ORIGINAL PROCEEDING ON CERTIORARI
William P. Johnson, District Judge
Atwood, Malone, Turner & Sabin, P.A.
Robert E. Sabin
Victoria Davis Armstrong
Roswell, NM
for Petitioner
Tucker Law Firm, P.C.
Steven L. Tucker
Santa Fe, NM
for Respondents
{1}
Ronald and Terrisa Madsen, Plaintiffs, are suing Shawn
Scott, Defendant-Homeowner, for the death of their son,
Jason. The trial court granted summary judgment for
Homeowner, finding that there was no genuine issue of
material fact and that there was no principal-agent
relationship between Homeowner and his house-sitter, Melvin
Franklin. A majority of the Court of Appeals reversed,
Madsen v. Scott, 1998-NMCA-092, 125 N.M. 475, 963 P.2d 552,
and we granted Homeowner's petition for writ of certiorari
to the Court of Appeals. We conclude that Homeowner was not
an employer or principal and that the accident was
unforeseeable. Thus, we reverse the Court of Appeals and
affirm the trial court's grant of summary judgment.
{2}
In January of 1992, Homeowner decided to visit his
father in another state, and he asked Melvin Franklin, a
friend and coworker, to housesit for him. Homeowner gave
Melvin general instructions to care for his house, including
watering his plants, as well as general rules of conduct,
including not letting anyone touch his guns and not throwing
wild parties. Homeowner called on one occasion, asking
Melvin if anyone had burglarized his house or handled his
weapons, and Melvin asked Homeowner if Melvin's brother,
Richard Franklin, could stay at the residence. Homeowner
agreed that Richard could stay at his house.
{3}
Homeowner, Melvin, Richard, and Jason all had an
interest in guns, and Homeowner owned several guns.

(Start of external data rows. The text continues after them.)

(* Let $\mathcal{T},\mathcal{U},\mathcal{B}$ be tile sets with mutually consistent frequencies such that $\mathcal{B}$ consists only of exact tiles and $\mathrm{area}(\mathcal{T})\cap\mathrm{area}(\mathcal{U})\subseteq\mathrm{area}(\mathcal{B})$. Then $d(\mathcal{T},\mathcal{U};\mathcal{B})=1$.
   Context: Fix $n,m\ge1$; $\mathcal{D}$ is the set of $n\times m$ binary matrices. A tile is $T=(t(T),a(T))$ with nonempty $t(T)\subseteq\{1..n\}$, $a(T)\subseteq\{1..m\}$, $\mathrm{area}(T)=t(T)\times a(T)$, $\mathrm{area}(\mathcal{T})=\bigcup_{T\in\mathcal{T}}\mathrm{area}(T)$. $\mathrm{fr}(T;D)=\frac1{|\mathrm{area}(T)|}\sum_{(i,j)\in\mathrm{area}(T)}D(i,j)$, $\mathrm{fr}(T;p)=\sum_Dp(D)\mathrm{fr}(T;D)$. Each tile carries a target frequency $\alpha_T$; tile sets are consistent if some distribution on $\mathcal{D}$ attains all target frequencies simultaneously. For a tile set $\mathcal{T}$, $p^*_{\mathcal{T}}$ is the entropy-maximising distribution among those with $\mathrm{fr}(T;p)=\alpha_T$ for all $T\in\mathcal{T}$. $\mathrm{KL}(\mathcal{T}\|\mathcal{U})=\mathrm{KL}(p^*_{\mathcal{T}}\|p^*_{\mathcal{U}})$. A tile is exact if its frequency is $0$ or $1$. With $\mathcal{M}=\mathcal{T}\cup\mathcal{U}\cup\mathcal{B}$, $d(\mathcal{T},\mathcal{U};\mathcal{B})=\frac{\mathrm{KL}(\mathcal{M}\|\mathcal{U}\cup\mathcal{B})+\mathrm{KL}(\mathcal{M}\|\mathcal{T}\cup\mathcal{B})}{\mathrm{KL}(\mathcal{M}\|\mathcal{B})}$, defined as $1$ if $\mathrm{KL}(\mathcal{M}\|\mathcal{B})=0$. *)

theory Defs
  imports Complex_Main
begin

text \<open>Binary n x m matrices are represented by the set of cells (i,j) carrying a 1,
  with 1 \<le> i \<le> n and 1 \<le> j \<le> m.\<close>

definition cells :: "nat \<Rightarrow> nat \<Rightarrow> (nat \<times> nat) set" where
  "cells n m = {1..n} \<times> {1..m}"

definition matrices :: "nat \<Rightarrow> nat \<Rightarrow> (nat \<times> nat) set set" where
  "matrices n m = Pow (cells n m)"

text \<open>A tile is a pair (t(T), a(T)) of row and column sets.\<close>
type_synonym tile = "nat set \<times> nat set"

definition is_tile :: "nat \<Rightarrow> nat \<Rightarrow> tile \<Rightarrow> bool" where
  "is_tile n m T \<longleftrightarrow> fst T \<noteq> {} \<and> fst T \<subseteq> {1..n} \<and> snd T \<noteq> {} \<and> snd T \<subseteq> {1..m}"

definition area :: "tile \<Rightarrow> (nat \<times> nat) set" where
  "area T = fst T \<times> snd T"

definition area_set :: "tile set \<Rightarrow> (nat \<times> nat) set" where
  "area_set TS = (\<Union>T\<in>TS. area T)"

definition fr_mat :: "tile \<Rightarrow> (nat \<times> nat) set \<Rightarrow> real" where
  "fr_mat T D = (1 / real (card (area T))) * (\<Sum>c\<in>area T. if c \<in> D then 1 else 0)"

text \<open>Distributions on the matrices (values outside the matrix set are irrelevant).\<close>
definition is_distr :: "nat \<Rightarrow> nat \<Rightarrow> ((nat \<times> nat) set \<Rightarrow> real) \<Rightarrow> bool" where
  "is_distr n m p \<longleftrightarrow> (\<forall>D\<in>matrices n m. p D \<ge> 0) \<and> (\<Sum>D\<in>matrices n m. p D) = 1"

definition fr_distr :: "nat \<Rightarrow> nat \<Rightarrow> tile \<Rightarrow> ((nat \<times> nat) set \<Rightarrow> real) \<Rightarrow> real" where
  "fr_distr n m T p = (\<Sum>D\<in>matrices n m. p D * fr_mat T D)"

text \<open>Target frequencies are given by a global function alpha on tiles.\<close>
definition satisfies :: "nat \<Rightarrow> nat \<Rightarrow> (tile \<Rightarrow> real) \<Rightarrow> tile set \<Rightarrow> ((nat \<times> nat) set \<Rightarrow> real) \<Rightarrow> bool" where
  "satisfies n m \<alpha> TS p \<longleftrightarrow> is_distr n m p \<and> (\<forall>T\<in>TS. fr_distr n m T p = \<alpha> T)"

definition consistent :: "nat \<Rightarrow> nat \<Rightarrow> (tile \<Rightarrow> real) \<Rightarrow> tile set \<Rightarrow> bool" where
  "consistent n m \<alpha> TS \<longleftrightarrow> (\<exists>p. satisfies n m \<alpha> TS p)"

text \<open>Shannon entropy (natural log; note ln 0 = 0 so 0 ln 0 = 0).\<close>
definition entropy :: "nat \<Rightarrow> nat \<Rightarrow> ((nat \<times> nat) set \<Rightarrow> real) \<Rightarrow> real" where
  "entropy n m p = - (\<Sum>D\<in>matrices n m. p D * ln (p D))"

definition maxent :: "nat \<Rightarrow> nat \<Rightarrow> (tile \<Rightarrow> real) \<Rightarrow> tile set \<Rightarrow> ((nat \<times> nat) set \<Rightarrow> real)" where
  "maxent n m \<alpha> TS = (SOME p. satisfies n m \<alpha> TS p \<and>
      (\<forall>q. satisfies n m \<alpha> TS q \<longrightarrow> entropy n m q \<le> entropy n m p))"

definition KL :: "nat \<Rightarrow> nat \<Rightarrow> ((nat \<times> nat) set \<Rightarrow> real) \<Rightarrow> ((nat \<times> nat) set \<Rightarrow> real) \<Rightarrow> real" where
  "KL n m p q = (\<Sum>D\<in>{D\<in>matrices n m. p D > 0}. p D * ln (p D / q D))"

definition KL_tiles :: "nat \<Rightarrow> nat \<Rightarrow> (tile \<Rightarrow> real) \<Rightarrow> tile set \<Rightarrow> tile set \<Rightarrow> real" where
  "KL_tiles n m \<alpha> TS US = KL n m (maxent n m \<alpha> TS) (maxent n m \<alpha> US)"

definition exact :: "(tile \<Rightarrow> real) \<Rightarrow> tile \<Rightarrow> bool" where
  "exact \<alpha> T \<longleftrightarrow> \<alpha> T = 0 \<or> \<alpha> T = 1"

definition dtiles :: "nat \<Rightarrow> nat \<Rightarrow> (tile \<Rightarrow> real) \<Rightarrow> tile set \<Rightarrow> tile set \<Rightarrow> tile set \<Rightarrow> real" where
  "dtiles n m \<alpha> TS US BS =
     (let M = TS \<union> US \<union> BS in
      if KL_tiles n m \<alpha> M BS = 0 then 1
      else (KL_tiles n m \<alpha> M (US \<union> BS) + KL_tiles n m \<alpha> M (TS \<union> BS)) / KL_tiles n m \<alpha> M BS)"

end

(* For S \<subseteq> M the maximum-entropy distributions satisfy the Pythagorean identity
   KL(p*_M || p*_S) = H(p*_S) - H(p*_M), so the claim is equivalent to
   H(p*_M) = H(p*_{T\<union>B}) + H(p*_{U\<union>B}) - H(p*_B).
   The exact tiles fix every cell of area(B). Flipping cells outside the area of a tile set is a
   symmetry of its constraints, and area(T), area(U) meet only inside area(B); hence p*_{T\<union>B}
   depends only on the T-part of a matrix, p*_{U\<union>B} only on the U-part, and p*_B is constant
   on its support. The product r = p*_{T\<union>B} p*_{U\<union>B} / p*_B therefore satisfies all
   constraints of M and has exactly the entropy on the right; Gibbs' inequality against r shows
   that no distribution satisfying M has more. *)

theory Submission
  imports Defs "HOL-Analysis.Analysis"
begin

section \<open>Entropy inequalities\<close>

lemma xlnx_tangent_ge:
  fixes a y :: real assumes "a \<ge> 0" "y \<ge> 0" "a > 0 \<longrightarrow> y > 0"
  shows "a - y \<le> a * ln a - a * ln y"
proof (cases "a = 0")
  case False
  then have a: "a > 0" and y: "y > 0" using assms by auto
  have "a * ln (y/a) \<le> a * (y/a - 1)"
    using ln_le_minus_one[of "y/a"] a y by (simp add: mult_left_mono)
  then show ?thesis using a y by (simp add: ln_div algebra_simps)
qed (use assms in simp)

lemma xlnx_tangent_eq:
  fixes a y :: real assumes "a \<ge> 0" "y \<ge> 0" "a > 0 \<longrightarrow> y > 0"
    and "a * ln a - a * ln y = a - y"
  shows "a = y"
proof (cases "a = 0")
  case False
  then have a: "a > 0" and y: "y > 0" using assms by auto
  have "a * ln (y/a) = a * (y/a - 1)" using assms(4) a y by (simp add: ln_div algebra_simps)
  then have "ln (y/a) = y/a - 1" using a by simp
  then show ?thesis using ln_eq_minus_one[of "y/a"] a y by simp
qed (use assms in simp)

lemma xlnx_convex:
  fixes a b t :: real assumes "a \<ge> 0" "b \<ge> 0" "0 \<le> t" "t \<le> 1"
  shows "((1-t)*a + t*b) * ln ((1-t)*a + t*b) \<le> (1-t) * (a * ln a) + t * (b * ln b)"
proof -
  define y where "y = (1-t)*a + t*b"
  show ?thesis
  proof (cases "y > 0")
    case True
    have "(1-t) * (a - y) \<le> (1-t) * (a * ln a - a * ln y)"
      using xlnx_tangent_ge[of a y] True assms by (simp add: mult_left_mono)
    moreover have "t * (b - y) \<le> t * (b * ln b - b * ln y)"
      using xlnx_tangent_ge[of b y] True assms by (simp add: mult_left_mono)
    moreover have "(1-t) * (a - y) + t * (b - y) = 0" unfolding y_def by (simp add: algebra_simps)
    ultimately have "y * ln y \<le> (1-t) * (a * ln a) + t * (b * ln b)"
      unfolding y_def by (simp add: algebra_simps)
    then show ?thesis unfolding y_def .
  next
    case False
    then have "(1-t)*a = 0 \<and> t*b = 0" using assms unfolding y_def
      by (smt (verit) mult_nonneg_nonneg)
    then show ?thesis by auto
  qed
qed

lemma tendsto_xlnx_at_right_0: "((\<lambda>x::real. x * ln x) \<longlongrightarrow> 0) (at_right 0)"
proof -
  have "((\<lambda>x::real. - (ln x / x)) \<longlongrightarrow> 0) at_top"
    using tendsto_minus[OF ln_x_over_x_tendsto_0] by simp
  moreover have "eventually (\<lambda>x::real. - (ln x / x) = inverse x * ln (inverse x)) at_top"
    using eventually_gt_at_top[of "0::real"] by eventually_elim (simp add: ln_inverse divide_inverse)
  ultimately have "((\<lambda>x::real. inverse x * ln (inverse x)) \<longlongrightarrow> 0) at_top"
    by (rule Lim_transform_eventually)
  then show ?thesis unfolding filterlim_at_right_to_top .
qed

Homeowner's guns were located at the residence, unsecured
and unloaded, and there was no ammunition belonging to
Homeowner at the residence during his absence.
{4}
Richard brought his own weapon, a .38 caliber handgun,
and his own ammunition to Homeowner's residence. Homeowner
gave permission to the brothers to have guests. Jason,
without the knowledge and specific consent of Homeowner, was
staying at Homeowner's house at the invitation of Melvin or
Richard. On January 26, 1992, Melvin and Richard had
several people at Homeowner's house for a party, including
Jason. Melvin was sitting on the floor, watching a game on
television, and Richard and Jason were behind him, playing a
game of "quick draw," with Richard using his own .38 and
Jason using Homeowner's unloaded .22. Richard believed his
.38 to be unloaded, but it contained at least one bullet,
which killed Jason during this game of quick draw.
{5}
Plaintiffs sued both Richard and Homeowner, alleging
that Melvin and Richard were Homeowner's employees, agents
or servants, that Melvin negligently failed to control and
supervise the use and misuse of weapons in the house by
Richard and Jason, and that Homeowner was vicariously liable
for the negligence of Melvin and Richard. The district
court found that there was no genuine issue of material fact
and that no principal-agent relationship existed between
Homeowner and Melvin.
{6}
A majority of the Court of Appeals reversed the trial
court's grant of summary judgment, holding that genuine
issues of material fact exist regarding whether an employer-employee relationship was created between Homeowner and
Melvin, whether Melvin was acting within the scope of his
employment when he "failed to act," and whether this type of
accident was foreseeable. Madsen, 1998-NMCA-092, ¶ 36. On
certiorari, Homeowner argues that the house-sitting
arrangement did not constitute an employment relationship,
that Melvin's conduct did not occur in the scope of any such relationship, and that, as a matter of law, the accident was
not foreseeable to Homeowner.
{7}
If there are no genuine issues of material fact or the
moving party is entitled to judgment as a matter of law, an
award of summary judgment is proper. Carmona v. Hagerman
Irrigation Co., 1998-NMSC-007, ¶ 7, 125 N.M. 59, 957 P.2d
44. On appeal, this Court considers the facts in the light
most "favorable to support a trial on the issues because the
purpose of summary judgment is not to preclude a trial on
the merits if a triable issue of fact exists." Ruiz v.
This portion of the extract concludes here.